18 Mayıs 2025 Pazar / 21 Zilkade 1446

PKK'nın fesih kararı... MHP Lideri Bahçeli: Terörsüz geleceğin perdesi aralandı

MHP Genel Başkanı Devlet Bahçeli, 'Teamüllere uygun olarak TBMM Başkanı'nın çağrısı ile 'Yeni Yüzyılın Terörsüz Türkiye Stratejisi, Milli Birlik ve Dayanışma Komisyonu' kurulması samimi teklif ve temennimizdir.' ifadelerini kullandı.

AA18 Mayıs 2025 Pazar 17:27 - Güncelleme:
PKK'nın fesih kararı... MHP Lideri Bahçeli: Terörsüz geleceğin perdesi aralandı

Bahçeli, 19 Mayıs Atatürk'ü Anma, Gençlik ve Spor Bayramı dolayısıyla kutlama mesajı yayımladı.

Doğru bakılırsa, dikkatle okunup anlaşılırsa, yaşanmış hayat ve hadiseler mecmuunun kovuklarından sızan ve süzülen tarihi tecrübelerin istikbalin karanlıkta kalan noktalarını tıpkı bir deniz feneri gibi aydınlatacağını belirten Bahçeli, şunları kaydetti:

"Elbette zaman geriye değil ileriye doğru akmaktadır. Ancak ilerinin ve ilerlemenin sırrına hakim ve vakıf olabilmenin gerek şartı adım adım yürünerek geride bırakılan çetin, çetrefilli ve çileli yolları her cihetiyle idrak etmektir. Millet olmayı başarmış toplumlar tarihin fırtınalı dönemlerinde sadece ayakta kalmayı başarmakla iktifa etmemiş, sert ve şiddetli mücadele süreçlerinde akıl, ahlak, cesaret ve asalet cevherlerini elbirliğiyle gün ışığına çıkarmasını bilmişlerdir. Hiç kuşku yoktur ki milletleşme en medeni insanlık seviyesidir. Söz konusu yüksek demokratik ve gelişmiş beşeri mertebeden bihaber olanların komünal toplum önermesi emperyalizmin bayatlamış bir telkini, bayağı bir tembihidir. Bu merkezde olmak suretiyle, Türk milleti tarihin gerisine asla düşmeyecek, etnik kalıntıların zoraki ittifakı veya kabilelere ayrılmış parçalı toplum yapısı halinde tarif, tahdit ve tefrik edilemeyecektir."

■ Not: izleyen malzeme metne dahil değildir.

text \<open>
  In a rooted tree the ancestors of a node form a chain ordered by depth, so a
  downward path is a segment of the ancestor order, and whenever two such
  segments meet, the deeper of their two tops lies on both.  Let \<open>P\<^sub>i, P\<^sub>j, P\<^sub>k, P\<^sub>l\<close>
  be the paths of \<open>v\<^sub>i, v\<^sub>j, v\<^sub>k, v\<^sub>l\<close> in the definition of a strong elimination
  order; the tops of \<open>P\<^sub>j\<close> and \<open>P\<^sub>l\<close> are no deeper than those of \<open>P\<^sub>i\<close> and \<open>P\<^sub>k\<close>.
  The configuration is symmetric under swapping \<open>i\<close> with \<open>k\<close> and \<open>j\<close> with \<open>l\<close>,
  so let the top \<open>t\<^sub>k\<close> of \<open>P\<^sub>k\<close> be at least as deep as that of \<open>P\<^sub>i\<close>.  Then \<open>t\<^sub>k\<close>
  lies on \<open>P\<^sub>i\<close> and on \<open>P\<^sub>j\<close>.  The deeper of the tops of \<open>P\<^sub>i\<close> and \<open>P\<^sub>l\<close> lies on
  both; it is an ancestor of \<open>t\<^sub>k\<close> no shallower than the top of \<open>P\<^sub>j\<close>, hence
  lies on \<open>P\<^sub>j\<close> too.
\<close>

locale forest_order =
  fixes anc :: "'n \<Rightarrow> 'n \<Rightarrow> bool" and depth :: "'n \<Rightarrow> nat"
  assumes anc_refl: "anc x x"
    and anc_trans: "anc x y \<Longrightarrow> anc y z \<Longrightarrow> anc x z"
    and anc_chain: "anc x z \<Longrightarrow> anc y z \<Longrightarrow> anc x y \<or> anc y x"
    and depth_less: "anc x y \<Longrightarrow> x \<noteq> y \<Longrightarrow> depth x < depth y"
begin

lemma depth_mono: "anc x y \<Longrightarrow> depth x \<le> depth y"
  using depth_less by fastforce

lemma anc_antisym: "anc x y \<Longrightarrow> anc y x \<Longrightarrow> x = y"
  using depth_less less_asym by blast
(* Let $f(x)=\frac1n\sum_{i=1}^n f_i(x)$ on $\mathbb{R}^d$ with each $f_i$ convex and $L$-smooth, and let $x_0$ satisfy $\|x_0-x^\star\|\le R_0$ for some minimizer $x^\star$ of $f$. Run the following algorithm (Acc-SVRG-G) with $p_k\equiv\frac1n$ and $\tau_k\equiv1-\frac{1}{\sqrt{n+1}}$: set $z_0=\tilde x_0=x_0$, $\alpha_k=\frac{L\tau_k}{1-\tau_k}$, and for $k=0,1,\dots$: $y_k=\tau_kz_k+(1-\tau_k)(\tilde x_k-\frac1L\nabla f(\tilde x_k))$; $z_{k+1}=\arg\min_x\{\langle\mathcal G_k,x\rangle+\frac{\alpha_k}2\|x-z_k\|^2\}$ with $\mathcal G_k=\nabla f_{i_k}(y_k)-\nabla f_{i_k}(\tilde x_k)+\nabla f(\tilde x_k)$ and $i_k$ uniform on $\{1,\dots,n\}$; $\tilde x_{k+1}=y_k$ with probability $p_k$, else $\tilde x_{k+1}=\tilde x_k$. Let $N$ be the first iteration at which $\tilde x_{N+1}=y_N$ is chosen, and terminate at iteration $N$. Then $$\mathbb E\|\nabla f(\tilde x_{N+1})\|^2\le\frac{8L^2R_0^2}{5(\sqrt{n+1}+1)}\quad\text{and}\quad\mathbb E[f(\tilde x_{N+1})]-f(x^\star)\le\frac{LR_0^2}{\sqrt{n+1}+1}.$$ In particular, if $\epsilon_g^2\ge\frac{8L^2R_0^2}{5(\sqrt{n+1}+1)}$ and $\epsilon_f\ge\frac{LR_0^2}{\sqrt{n+1}+1}$, the algorithm achieves these accuracies with an $O(n)$ expected oracle complexity.
   Context: $L$-smooth means $L$-Lipschitz gradient. Oracle complexity is the expected number of component gradient evaluations $\nabla f_i$; a full gradient costs $n$ evaluations. *)

theory Defs
  imports "HOL-Probability.Probability"
begin

definition favg :: "nat \<Rightarrow> (nat \<Rightarrow> 'a \<Rightarrow> real) \<Rightarrow> 'a \<Rightarrow> real" where
  "favg n f x = (1 / real n) * (\<Sum>i<n. f i x)"

definition grad_avg :: "nat \<Rightarrow> (nat \<Rightarrow> 'a \<Rightarrow> 'a) \<Rightarrow> 'a \<Rightarrow> 'a::real_vector" where
  "grad_avg n g x = (1 / real n) *\<^sub>R (\<Sum>i<n. g i x)"

definition svrg_y :: "nat \<Rightarrow> real \<Rightarrow> (nat \<Rightarrow> 'a \<Rightarrow> 'a) \<Rightarrow> real \<Rightarrow> 'a \<Rightarrow> 'a \<Rightarrow> 'a::real_vector" where
  "svrg_y n L g \<tau> z xt = \<tau> *\<^sub>R z + (1 - \<tau>) *\<^sub>R (xt - (1 / L) *\<^sub>R grad_avg n g xt)"

text \<open>State (z_k, xt_k) of Acc-SVRG-G with constant tau, driven by the random sequence
  omega k = (i_k, b_k): sampled component i_k and the coin b_k (true: xt_{k+1} = y_k).\<close>

primrec svrg_state :: "nat \<Rightarrow> real \<Rightarrow> (nat \<Rightarrow> 'a \<Rightarrow> 'a) \<Rightarrow> real \<Rightarrow> 'a \<Rightarrow>
    (nat \<Rightarrow> nat \<times> bool) \<Rightarrow> nat \<Rightarrow> 'a \<times> 'a::real_inner" where
  "svrg_state n L g \<tau> x0 \<omega> 0 = (x0, x0)"
| "svrg_state n L g \<tau> x0 \<omega> (Suc k) =
     (let (z, xt) = svrg_state n L g \<tau> x0 \<omega> k;
          y = svrg_y n L g \<tau> z xt;
          i = fst (\<omega> k);
          G = g i y - g i xt + grad_avg n g xt;
          \<alpha> = L * \<tau> / (1 - \<tau>)
      in ((ARG_MIN (\<lambda>x. G \<bullet> x + \<alpha> / 2 * (norm (x - z))\<^sup>2) x. True),
          (if snd (\<omega> k) then y else xt)))"

definition svrg_N :: "(nat \<Rightarrow> nat \<times> bool) \<Rightarrow> nat" where
  "svrg_N \<omega> = (LEAST k. snd (\<omega> k))"

text \<open>Output xt_{N+1} = y_N.\<close>

definition svrg_output :: "nat \<Rightarrow> real \<Rightarrow> (nat \<Rightarrow> 'a \<Rightarrow> 'a) \<Rightarrow> real \<Rightarrow> 'a \<Rightarrow>
    (nat \<Rightarrow> nat \<times> bool) \<Rightarrow> 'a::real_inner" where
  "svrg_output n L g \<tau> x0 \<omega> =
     (let (z, xt) = svrg_state n L g \<tau> x0 \<omega> (svrg_N \<omega>) in svrg_y n L g \<tau> z xt)"

definition svrg_space :: "nat \<Rightarrow> (nat \<Rightarrow> nat \<times> bool) measure" where
  "svrg_space n = (\<Pi>\<^sub>M k\<in>UNIV. measure_pmf (pair_pmf (pmf_of_set {..<n}) (bernoulli_pmf (1 / real n))))"

end

theory Submission
  imports Defs
begin

(* Until the first successful coin the reference point stays x0, so the iterates z_k form a
   Markov chain driven by the sampled indices, and the output is y_N for the first success N,
   a geometric time of mean n. Cocoercivity of the components bounds the second moment of the
   variance-reduced estimator, which yields the one-step estimate
     (F y - F xstar) / tau + |grad F y|^2 / (2L) + E_i alpha/2 |z' - xstar|^2
       <= alpha/2 |z - xstar|^2 + (1 - tau)/tau (F x0 - F xstar).
   So V z = (1 - tau)/tau (F x0 - F xstar) + alpha/(2n) |z - xstar|^2 is excessive for the chain
   stopped with probability 1/n at every step, and optional stopping bounds the expectation of
   the left-hand side at y_N by V x0 <= L sqrt (n + 1) R0^2 / n. Both accuracy bounds follow,
   the gradient one via |grad F|^2 <= 2L (F - F xstar). The oracle count is n + 2 (N + 1),
   and E (N + 1) = n. *)

section \<open>Smooth convex functions\<close>

lemma has_real_derivative_along_line:
  fixes F :: "'a::real_inner \<Rightarrow> real"
  assumes "\<And>x. (F has_derivative (\<lambda>h. G x \<bullet> h)) (at x)"
  shows "((\<lambda>t. F (x + t *\<^sub>R d)) has_real_derivative G (x + t *\<^sub>R d) \<bullet> d) (at t)"
proof -
  have "((\<lambda>t. x + t *\<^sub>R d) has_derivative (\<lambda>s. s *\<^sub>R d)) (at t)"
    by (auto intro!: derivative_eq_intros)
  from has_derivative_compose[OF this assms]
  show ?thesis
    by (simp add: has_field_derivative_def mult_commute_abs)
qed

lemma convex_on_gradient_inequality:
  fixes F :: "'a::real_inner \<Rightarrow> real"
  assumes cvx: "convex_on UNIV F" and der: "\<And>x. (F has_derivative (\<lambda>h. G x \<bullet> h)) (at x)"
  shows "F x + G x \<bullet> (y - x) \<le> F y"
proof -
  let ?h = "\<lambda>t. F (x + t *\<^sub>R (y - x))"
  have "convex_on UNIV ?h"
  proof (rule convex_onI)
    fix t a b :: real assume "0 < t" "t < 1"
    have "x + ((1 - t) * a + t * b) *\<^sub>R (y - x)
        = (1 - t) *\<^sub>R (x + a *\<^sub>R (y - x)) + t *\<^sub>R (x + b *\<^sub>R (y - x))"
      by (simp add: algebra_simps)
    then show "?h ((1 - t) *\<^sub>R a + t *\<^sub>R b) \<le> (1 - t) * ?h a + t * ?h b"
      using convex_onD[OF cvx, of t] \<open>0 < t\<close> \<open>t < 1\<close> by simp
  qed simp
  moreover have "(?h has_real_derivative G x \<bullet> (y - x)) (at 0 within UNIV)"
    using has_real_derivative_along_line[OF der, of x "y - x" 0] by simp
  ultimately have "G x \<bullet> (y - x) * (1 - 0) \<le> ?h 1 - ?h 0"
    by (intro convex_on_imp_above_tangent) auto
  then show ?thesis by simp
qed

Bahçeli, devlet ve millet harici toplumsal sistem önerilerinin tartışılıp gündemde tutulmasının, bu öneri sahiplerinin ciddiye alınmasının abesin ve akıl dışılığın son eşiğinden başka bir şey olmadığını vurguladı.

"YANLIŞ ANLAMALARA FIRSAT VERİLMEMELİDİR"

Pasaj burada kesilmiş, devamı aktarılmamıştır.